In the second period of colonization, which brought the ancestors of our Mennonites to Prussia, a different system of land tenure was adopted for the new settlers, namely the Zeitpacht (tenure for a certain time) as applied to the Hollaendischen Zinshufen (Dutch leaseholds). Under it land was given to the immigrants in simple non-heritable tenure for a limited, often rather short, period of time. This was usually land which they themselves had first made arable or even reclaimed from the sea. The form of settlement, too, underwent a decisive change. The Hollander villages of that time resemble more closely the French parishes than the Mennonite villages in Manitoba. As a matter of fact, the type of marsh village characteristic of the former, is basically the same as that of the forest village which has found its way to Canada via Northern France. In both cases the farm buildings are more or less loosely strung along a road or a river, and each hide or farm extends in one single piece, parallel to the neighboring farms, back into raw forest or marsh land. Thus, cultivation progresses gradually from the dwellings of the farmers far into the hinterland, until further cultivation becomes uneconomical, for a natural obstacle, or the territory of another settlement, is encountered. Usually, the last portion of the property is preserved as uncultivated commons, where fuel and wild hay can be obtained and animals pastured. The long rows of houses that border the main artery of communication, are united to village communities or parishes, although with this type of habitat, social organization never reaches that high degree of co-operation, solidarity and collectivism which prevails where commons and open-field make enterprise and economy of all the villagers largely interdependent.
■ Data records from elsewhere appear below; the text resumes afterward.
lemma walk_potential_le:
  fixes \<pi> :: "'v \<Rightarrow> real"
  assumes special: "\<And>b. b \<in> B \<Longrightarrow> ini b \<in> Y \<and> ter b \<in> X \<and> \<pi> (ter b) - \<pi> (ini b) \<le> w b"
    and ordinary: "\<And>x y R. x \<in> X \<Longrightarrow> y \<in> Y \<Longrightarrow> set R \<subseteq> A \<Longrightarrow> walk ini ter x R y \<Longrightarrow>
        \<pi> y - \<pi> x \<le> path_len w R"
    and Q: "walk ini ter u Q v" "set Q \<subseteq> A \<union> B" and "u \<in> X" "v \<in> Y"
  shows "\<pi> v - \<pi> u \<le> path_len w Q"
proof -
  have "\<pi> v - \<pi> x \<le> path_len w R + path_len w Q"
    if "walk ini ter u' Q v" "set Q \<subseteq> A \<union> B" "x \<in> X" "set R \<subseteq> A" "walk ini ter x R u'"
    for u' Q x R
    using that
  proof (induction Q arbitrary: u' x R)
    case Nil
    then show ?case using ordinary[OF _ \<open>v \<in> Y\<close>] by simp
  next
    case (Cons q Q)
    then have q: "ini q = u'" "walk ini ter (ter q) Q v" "set Q \<subseteq> A \<union> B" by auto
    show ?case
    proof (cases "q \<in> A")
      case True
      have "walk ini ter x (R @ [q]) (ter q)"
        using Cons.prems(5) q(1) by (auto simp: walk_append)
      then have "\<pi> v - \<pi> x \<le> path_len w (R @ [q]) + path_len w Q"
        using Cons.IH[OF q(2,3) Cons.prems(3), of "R @ [q]"] Cons.prems(4) True by simp
      then show ?thesis by simp
    next
      case False
      then have "q \<in> B" using Cons.prems(2) by auto
      then have "ini q \<in> Y" "ter q \<in> X" "\<pi> (ter q) - \<pi> (ini q) \<le> w q"
        using special by auto
      moreover have "\<pi> v - \<pi> (ter q) \<le> path_len w Q"
        using Cons.IH[OF q(2,3) \<open>ter q \<in> X\<close>, of "[]"] by simp
      moreover have "\<pi> (ini q) - \<pi> x \<le> path_len w R"
        using ordinary[OF Cons.prems(3) \<open>ini q \<in> Y\<close> Cons.prems(4)] Cons.prems(5) q(1) by simp
      ultimately show ?thesis by simp
    qed
  qed
  from this[of u Q u "[]"] show ?thesis using assms by simp
qed

lemma sum_telescope_interleaved:
  fixes f g :: "nat \<Rightarrow> real"
  shows "i < j \<Longrightarrow> (\<Sum>l\<in>{i..<j}. f (Suc l) - g l) + (\<Sum>l\<in>{i<..<j}. g l - f l) = f j - g i"
proof (induction j)
  case (Suc j)
  show ?case
  proof (cases "i = j")
    case False
    then have "{i..<Suc j} = insert j {i..<j}" "{i<..<Suc j} = insert j {i<..<j}"
      using Suc.prems by auto
    then show ?thesis using Suc False by simp
  next
    case True
    then have "{i<..<Suc j} = {}" by auto
    then show ?thesis using True by simp
  qed
qed simp

lemma tf_dist_le:
  "is_path ini ter AU u Q v \<Longrightarrow> tf_dist AU ini ter d u v \<le> ereal (path_len (\<lambda>e. real (d e)) Q)"
  unfolding tf_dist_def by (rule Inf_lower) blast

lemma le_tf_dist:
  "(\<And>Q. is_path ini ter AU u Q v \<Longrightarrow> x \<le> path_len (\<lambda>e. real (d e)) Q) \<Longrightarrow>
    ereal x \<le> tf_dist AU ini ter d u v"
  unfolding tf_dist_def by (rule Inf_greatest) auto

section \<open>Positions of the toll arcs on a path\<close>

definition toll_pos :: "'a set \<Rightarrow> 'a list \<Rightarrow> nat list" where
  "toll_pos AT P = filter (\<lambda>k. P ! k \<in> AT) [0..<length P]"

lemma tolls_conv_toll_pos: "tolls AT P = map ((!) P) (toll_pos AT P)"
proof -
  have "tolls AT P = filter (\<lambda>e. e \<in> AT) (map ((!) P) [0..<length P])"
    by (simp add: tolls_def map_nth)
  then show ?thesis
    by (simp add: toll_pos_def filter_map comp_def)
qed

lemma length_toll_pos: "length (toll_pos AT P) = length (tolls AT P)"
  by (simp add: tolls_conv_toll_pos)

lemma toll_pos_less:
  "l < l' \<Longrightarrow> l' < length (tolls AT P) \<Longrightarrow> toll_pos AT P ! l < toll_pos AT P ! l'"
  using sorted_wrt_nth_less[of "(<)" "toll_pos AT P"] length_toll_pos[of AT P]
  by (simp add: toll_pos_def sorted_wrt_filter)

lemma toll_pos_nth:
  assumes "l < length (tolls AT P)"
  shows "toll_pos AT P ! l < length P" "P ! (toll_pos AT P ! l) = tolls AT P ! l"
proof -
  have "toll_pos AT P ! l \<in> set (toll_pos AT P)"
    using assms length_toll_pos by (metis nth_mem)
  then show "toll_pos AT P ! l < length P"
    by (simp add: toll_pos_def)
  show "P ! (toll_pos AT P ! l) = tolls AT P ! l"
    using assms by (simp add: tolls_conv_toll_pos)
qed

lemma toll_in_toll_pos:
  assumes "k < length P" "P ! k \<in> AT"
  obtains l where "l < length (tolls AT P)" "k = toll_pos AT P ! l"
proof -
  have "k \<in> set (toll_pos AT P)"
    using assms by (simp add: toll_pos_def)
  then show ?thesis
    using that length_toll_pos by (metis in_set_conv_nth)
qed

text \<open>Positions of \<open>INIT(\<tau>\<^sub>j)\<close> and \<open>TERM(\<tau>\<^sub>i)\<close> in the vertex sequence \<open>s # map ter P\<close>.
  The values \<open>init_pos AT P 0 = 0\<close> and \<open>term_pos AT P i = length P\<close> for \<open>i > m\<close> are padding
  that makes both functions monotone.\<close>

definition init_pos :: "'a set \<Rightarrow> 'a list \<Rightarrow> nat \<Rightarrow> nat" where
  "init_pos AT P j =
    (if j = 0 then 0 else if j \<le> length (tolls AT P) then toll_pos AT P ! (j - 1) else length P)"

definition term_pos :: "'a set \<Rightarrow> 'a list \<Rightarrow> nat \<Rightarrow> nat" where
  "term_pos AT P i =
    (if i = 0 then 0 else if i \<le> length (tolls AT P) then Suc (toll_pos AT P ! (i - 1)) else length P)"

lemma init_pos_le_term_pos: "init_pos AT P l \<le> term_pos AT P l"
  by (simp add: init_pos_def term_pos_def)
The lay-out, described as marsh village, was imported to West Prussia directly from the Netherlands where it had been successfully adopted for a long time. Groups of Hollanders were invited to open up, "after the Dutch manner", certain areas of wet alluvial land that so far had been left waste or had become devastated in the course of time, and that was continuously threatened by floods; or to polder in shallow basins of brackish water to reclaim it permanently for agriculture. Although each individual farm theoretically constituted an independent unit whose operation was left to private initiative, the erection and maintenance of the elaborate dyke and drainage system which was necessary in the polders and marshes of the Vistula mouth, necessitated a closer co-operation and stricter discipline than we find elsewhere under this system, for instance in French-Canada.

A contract was made with a definite group of colonists who had to arrange among themselves the manner in which to execute its stipulations. As in the case of the older Erbschulze villages, of which we have heard above, the landlord did not deal with each individual farmer but with the local magistrate or Schulze who, however, in these Hollander villages was elected for one or two years from amongst the community. In this way, customary laws or mores, copied from their ancestral home, provided a strong regulative force in these communities. Koetzschke and Ebert conclude that "generally speaking, the `neighborhood' regulated practically all forms of village life." As far as the compulsory fire insurance is concerned, we were unable to find any direct proof of its existence in Prussia prior to the Mennonite migration to Russia. However, the fact that in Russia assessment for it was made according to the preussische Brandhufe (Prussian fire hide) makes its Prussian origin unquestionable. This Hube or Hufe (hide) was equal to fifteen dessiatines while the size of the standard Hufe in Russia was sixty-five dessiatines. [12] According to a Mennonite tradition the first fire insurance association was founded in 1625.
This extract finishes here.